How many lines in the material below include the word "congruence"? Give only the number.

|---|

(* Let $(\Sigma,E)$ be an algebraic theory with free monad $(T,\eta,\mu)$. For every $T$-semialgebra $\alpha:TX\to X$ and every operation symbol $(\mathsf{op}:n)\in\Sigma$, we have $\alpha\circ\mathsf{op}^{TX}=\alpha\circ\mathsf{op}^{TX}\circ(\eta_X)^n\circ\alpha^n$ as maps $(TX)^n\to X$.
   Context: The free monad $T=T_{\Sigma,E}$ sends a set $X$ to the set $TX$ of $\Sigma$-terms over $X$ modulo the smallest congruence containing all substitution instances of equations of $E$ (class of $t$ written $\overline{t}$); $TX$ is a $(\Sigma,E)$-algebra with $\mathsf{op}^{TX}(\overline{t_1},\dots,\overline{t_n})=\overline{\mathsf{op}(t_1,\dots,t_n)}$; $\eta_X(x)=\overline{x}$; $\mu_X$ flattens terms, $\overline{t[\overline{t_i}/v_i]}\mapsto\overline{t[t_i/v_i]}$. A $T$-semialgebra is a map $\alpha:TX\to X$ with $\alpha\circ\mu_X=\alpha\circ T\alpha$ (the unit law $\alpha\circ\eta_X=\mathrm{id}$ is not required). *)

theory Defs
  imports Main
begin

text \<open>Signature: operation symbols are the elements of type 'f, with arity ar.
  Terms over variables 'v.\<close>

datatype ('f,'v) trm = Var 'v | Op 'f "('f,'v) trm list"

primrec subst :: "('v \<Rightarrow> ('f,'w) trm) \<Rightarrow> ('f,'v) trm \<Rightarrow> ('f,'w) trm" where
  "subst \<sigma> (Var v) = \<sigma> v"
| "subst \<sigma> (Op f ts) = Op f (map (subst \<sigma>) ts)"

inductive wf :: "('f \<Rightarrow> nat) \<Rightarrow> ('f,'v) trm \<Rightarrow> bool" for ar where
  wf_Var: "wf ar (Var v)"
| wf_Op: "length ts = ar f \<Longrightarrow> (\<forall>t\<in>set ts. wf ar t) \<Longrightarrow> wf ar (Op f ts)"

definition algebraic_theory :: "('f \<Rightarrow> nat) \<Rightarrow> (('f,'v) trm \<times> ('f,'v) trm) set \<Rightarrow> bool" where
  "algebraic_theory ar E \<longleftrightarrow> (\<forall>(l,r)\<in>E. wf ar l \<and> wf ar r)"

fun vars :: "('f,'v) trm \<Rightarrow> 'v set" where
  "vars (Var v) = {v}"
| "vars (Op f ts) = (\<Union>t\<in>set ts. vars t)"

definition wfV :: "('f \<Rightarrow> nat) \<Rightarrow> 'x set \<Rightarrow> ('f,'x) trm \<Rightarrow> bool" where
  "wfV ar V t \<longleftrightarrow> wf ar t \<and> vars t \<subseteq> V"

inductive econg :: "('f \<Rightarrow> nat) \<Rightarrow> (('f,'v) trm \<times> ('f,'v) trm) set \<Rightarrow> 'x set
    \<Rightarrow> ('f,'x) trm \<Rightarrow> ('f,'x) trm \<Rightarrow> bool" for ar E V where
  ec_refl: "wfV ar V t \<Longrightarrow> econg ar E V t t"
| ec_sym: "econg ar E V s t \<Longrightarrow> econg ar E V t s"
| ec_trans: "econg ar E V s t \<Longrightarrow> econg ar E V t u \<Longrightarrow> econg ar E V s u"
| ec_op: "length ss = ar f \<Longrightarrow> list_all2 (econg ar E V) ss ts \<Longrightarrow> econg ar E V (Op f ss) (Op f ts)"
| ec_eq: "(l,r) \<in> E \<Longrightarrow> (\<forall>v. wfV ar V (\<sigma> v)) \<Longrightarrow> econg ar E V (subst \<sigma> l) (subst \<sigma> r)"

definition econg_rel :: "('f \<Rightarrow> nat) \<Rightarrow> (('f,'v) trm \<times> ('f,'v) trm) set \<Rightarrow> 'x set \<Rightarrow> (('f,'x) trm \<times> ('f,'x) trm) set" where
  "econg_rel ar E V = {(s,t). econg ar E V s t}"

text \<open>T V for a set V: the set of congruence classes of Sigma-terms over V.\<close>
definition Ton :: "('f \<Rightarrow> nat) \<Rightarrow> (('f,'v) trm \<times> ('f,'v) trm) set \<Rightarrow> 'x set \<Rightarrow> ('f,'x) trm set set" where
  "Ton ar E V = {t. wfV ar V t} // econg_rel ar E V"

definition TX :: "('f \<Rightarrow> nat) \<Rightarrow> (('f,'v) trm \<times> ('f,'v) trm) set \<Rightarrow> ('f,'x) trm set set" where
  "TX ar E = Ton ar E UNIV"

definition cls :: "('f \<Rightarrow> nat) \<Rightarrow> (('f,'v) trm \<times> ('f,'v) trm) set \<Rightarrow> ('f,'x) trm \<Rightarrow> ('f,'x) trm set" where
  "cls ar E t = econg_rel ar E UNIV `` {t}"

definition rep :: "'a set \<Rightarrow> 'a" where
  "rep C = (SOME t. t \<in> C)"

definition eta :: "('f \<Rightarrow> nat) \<Rightarrow> (('f,'v) trm \<times> ('f,'v) trm) set \<Rightarrow> 'x \<Rightarrow> ('f,'x) trm set" where
  "eta ar E x = cls ar E (Var x)"

definition mu :: "('f \<Rightarrow> nat) \<Rightarrow> (('f,'v) trm \<times> ('f,'v) trm) set
    \<Rightarrow> ('f, ('f,'x) trm set) trm set \<Rightarrow> ('f,'x) trm set" where
  "mu ar E C = cls ar E (subst rep (rep C))"

definition Tmap :: "('f \<Rightarrow> nat) \<Rightarrow> (('f,'v) trm \<times> ('f,'v) trm) set
    \<Rightarrow> ('a \<Rightarrow> 'b) \<Rightarrow> ('f,'a) trm set \<Rightarrow> ('f,'b) trm set" where
  "Tmap ar E h C = cls ar E (subst (Var \<circ> h) (rep C))"

definition opT :: "('f \<Rightarrow> nat) \<Rightarrow> (('f,'v) trm \<times> ('f,'v) trm) set
    \<Rightarrow> 'f \<Rightarrow> ('f,'x) trm set list \<Rightarrow> ('f,'x) trm set" where
  "opT ar E f Cs = cls ar E (Op f (map rep Cs))"

text \<open>T-semialgebra: alpha o mu = alpha o T alpha on T(TX) (no unit law); T(TX) = classes of terms over the set TX.\<close>
definition semialgebra :: "('f \<Rightarrow> nat) \<Rightarrow> (('f,'v) trm \<times> ('f,'v) trm) set
    \<Rightarrow> (('f,'x) trm set \<Rightarrow> 'x) \<Rightarrow> bool" where
  "semialgebra ar E \<alpha> \<longleftrightarrow>
     (\<forall>C \<in> Ton ar E (TX ar E). \<alpha> (mu ar E C) = \<alpha> (Tmap ar E \<alpha> C))"

end

theory Submission
  imports Defs
begin

text \<open>View the list of classes \<open>Cs\<close> as variables of the term \<open>Op f (map Var Cs)\<close> over the
  set \<open>TX\<close>, and let \<open>K\<close> be its class in \<open>T(TX)\<close>. Flattening \<open>K\<close> gives \<open>op\<^sup>T\<^sup>X Cs\<close>, while
  applying \<open>T\<alpha>\<close> to \<open>K\<close> replaces each variable \<open>C\<close> by \<open>\<alpha> C\<close>, giving \<open>op\<^sup>T\<^sup>X (\<eta> (\<alpha> C\<^sub>1), \<dots>)\<close>.
  The semialgebra law \<open>\<alpha> \<circ> \<mu> = \<alpha> \<circ> T\<alpha>\<close> at \<open>K\<close> is the claim.\<close>

lemma subst_subst: "subst \<tau> (subst \<sigma> t) = subst (subst \<tau> \<circ> \<sigma>) t"
  by (induction t) auto

lemma wfV_subst:
  assumes "wfV ar V t" "\<forall>v\<in>V. wfV ar W (\<tau> v)"
  shows "wfV ar W (subst \<tau> t)"
proof -
  have "wf ar t \<Longrightarrow> vars t \<subseteq> V \<Longrightarrow> wfV ar W (subst \<tau> t)"
  proof (induction t rule: wf.induct)
    case (wf_Op ts f)
    then have "\<forall>t\<in>set ts. wfV ar W (subst \<tau> t)" by auto
    with wf_Op(1) show ?case by (auto simp: wfV_def intro!: wf.wf_Op)
  qed (use assms(2) in auto)
  then show ?thesis using assms(1) by (simp add: wfV_def)
qed

lemma wfV_Op_Var:
  assumes "length xs = ar f" "set xs \<subseteq> V"
  shows "wfV ar V (Op f (map Var xs))"
  using assms by (auto simp: wfV_def intro!: wf.wf_Op wf.wf_Var)

lemma econg_imp_wfV:
  assumes "algebraic_theory ar E" "econg ar E V s t"
  shows "wfV ar V s \<and> wfV ar V t"
  using assms(2)
proof (induction rule: econg.induct)
  case (ec_op ss f ts)
  then have "length ts = ar f" by (simp add: list_all2_lengthD)
  with ec_op show ?case
    by (auto simp: wfV_def list_all2_conv_all_nth in_set_conv_nth intro!: wf.wf_Op) blast+
next
  case (ec_eq l r \<sigma>)
  then have "wfV ar UNIV l" "wfV ar UNIV r"
    using assms(1) by (auto simp: algebraic_theory_def wfV_def)
  then show ?case using ec_eq(2) wfV_subst by blast
qed auto

lemma econg_subst:
  assumes "econg ar E V s t" "\<forall>v\<in>V. wfV ar W (\<tau> v)"
  shows "econg ar E W (subst \<tau> s) (subst \<tau> t)"
  using assms(1)
proof (induction rule: econg.induct)
  case (ec_refl t)
  then show ?case using assms(2) by (blast intro: econg.ec_refl wfV_subst)
next
  case (ec_op ss f ts)
  then show ?case
    by (auto intro!: econg.ec_op simp: list_all2_map1 list_all2_map2 elim: list_all2_mono)
next
  case (ec_eq l r \<sigma>)
  have "\<forall>v. wfV ar W ((subst \<tau> \<circ> \<sigma>) v)"
    using ec_eq(2) assms(2) by (auto intro: wfV_subst)
  then show ?case
    using econg.ec_eq[OF ec_eq(1)] by (simp only: subst_subst)
qed (blast intro: econg.intros)+

lemma equiv_econg_rel:
  assumes "algebraic_theory ar E"
  shows "equiv {t. wfV ar V t} (econg_rel ar E V)"
proof (rule equivI)
  show "econg_rel ar E V \<subseteq> {t. wfV ar V t} \<times> {t. wfV ar V t}"
    using econg_imp_wfV[OF assms] by (auto simp: econg_rel_def)
  show "refl_on {t. wfV ar V t} (econg_rel ar E V)"
    by (auto simp: refl_on_def econg_rel_def intro: econg.ec_refl)
  show "sym (econg_rel ar E V)"
    by (auto simp: sym_def econg_rel_def intro: econg.ec_sym)
  show "trans (econg_rel ar E V)"
    by (auto simp: trans_def econg_rel_def intro: econg.ec_trans)
qed

lemma rep_in_quotient: "equiv A r \<Longrightarrow> X \<in> A // r \<Longrightarrow> rep X \<in> X"
  unfolding rep_def using in_quotient_imp_non_empty some_in_eq by metis

lemma econg_rep_class:
  assumes "algebraic_theory ar E" "wfV ar V t"
  shows "econg ar E V t (rep (econg_rel ar E V `` {t}))"
proof -
  have "rep (econg_rel ar E V `` {t}) \<in> econg_rel ar E V `` {t}"
    using rep_in_quotient[OF equiv_econg_rel[OF assms(1)] quotientI] assms(2) by simp
  then show ?thesis by (simp add: econg_rel_def)
qed

lemma wfV_rep_TX:
  assumes "algebraic_theory ar E" "C \<in> TX ar E"
  shows "wfV ar UNIV (rep C)"
proof -
  have "equiv {t. wfV ar UNIV t} (econg_rel ar E UNIV)"
    using assms(1) by (rule equiv_econg_rel)
  then show ?thesis
    using assms(2) rep_in_quotient in_quotient_imp_subset unfolding TX_def Ton_def by blast
qed

lemma cls_eq:
  assumes "algebraic_theory ar E" "econg ar E UNIV s t"
  shows "cls ar E s = cls ar E t"
  using equiv_class_eq[OF equiv_econg_rel[OF assms(1)]] assms(2)
  by (simp add: cls_def econg_rel_def)

lemma mu_class:
  assumes "algebraic_theory ar E" "wfV ar (TX ar E) t"
  shows "mu ar E (econg_rel ar E (TX ar E) `` {t}) = cls ar E (subst rep t)"
proof -
  have "\<forall>C\<in>TX ar E. wfV ar UNIV (rep C)"
    using wfV_rep_TX[OF assms(1)] by blast
  then have "econg ar E UNIV (subst rep t) (subst rep (rep (econg_rel ar E (TX ar E) `` {t})))"
    using econg_subst econg_rep_class[OF assms] by blast
  then show ?thesis
    unfolding mu_def using cls_eq[OF assms(1)] by (metis econg.ec_sym)
qed

lemma Tmap_class:
  assumes "algebraic_theory ar E" "wfV ar V t"
  shows "Tmap ar E h (econg_rel ar E V `` {t}) = cls ar E (subst (Var \<circ> h) t)"
proof -
  have "\<forall>v\<in>V. wfV ar UNIV ((Var \<circ> h) v)"
    by (auto simp: wfV_def intro: wf.wf_Var)
  then have "econg ar E UNIV (subst (Var \<circ> h) t) (subst (Var \<circ> h) (rep (econg_rel ar E V `` {t})))"
    using econg_subst econg_rep_class[OF assms] by blast
  then show ?thesis
    unfolding Tmap_def using cls_eq[OF assms(1)] by (metis econg.ec_sym)
qed

lemma opT_eta:
  assumes "algebraic_theory ar E" "length xs = ar f"
  shows "opT ar E f (map (eta ar E) xs) = cls ar E (Op f (map Var xs))"
proof -
  have "econg ar E UNIV (Var x) (rep (eta ar E x))" for x
    using econg_rep_class[OF assms(1), of UNIV "Var x"]
    by (simp add: eta_def cls_def wfV_def wf.wf_Var)
  then have "econg ar E UNIV (Op f (map Var xs)) (Op f (map rep (map (eta ar E) xs)))"
    using assms(2) by (auto intro!: econg.ec_op list_all2_refl simp: list_all2_map1 list_all2_map2)
  then show ?thesis
    unfolding opT_def using cls_eq[OF assms(1)] by (metis econg.ec_sym)
qed

theorem lemma8:
  fixes ar :: "'f \<Rightarrow> nat"
    and E :: "(('f,'v) trm \<times> ('f,'v) trm) set"
    and \<alpha> :: "('f,'x) trm set \<Rightarrow> 'x"
  assumes "algebraic_theory ar E"
    and "semialgebra ar E \<alpha>"
    and "length Cs = ar f"
    and "set Cs \<subseteq> TX ar E"
  shows "\<alpha> (opT ar E f Cs) = \<alpha> (opT ar E f (map (eta ar E \<circ> \<alpha>) Cs))"
proof -
  define K where "K = econg_rel ar E (TX ar E) `` {Op f (map Var Cs)}"
  have wf_t: "wfV ar (TX ar E) (Op f (map Var Cs))"
    using assms(3,4) by (rule wfV_Op_Var)
  then have "K \<in> Ton ar E (TX ar E)"
    unfolding K_def Ton_def by (blast intro: quotientI)
  moreover have "mu ar E K = opT ar E f Cs"
    unfolding K_def mu_class[OF assms(1) wf_t] by (simp add: opT_def comp_def)
  moreover have "Tmap ar E \<alpha> K = opT ar E f (map (eta ar E \<circ> \<alpha>) Cs)"
    unfolding K_def Tmap_class[OF assms(1) wf_t]
    using opT_eta[OF assms(1), of "map \<alpha> Cs" f] assms(3) by (simp add: comp_def)
  ultimately show ?thesis
    using assms(2) unfolding semialgebra_def by metis
qed

end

|---|

SOLUTION FOR THIS PROBLEM
2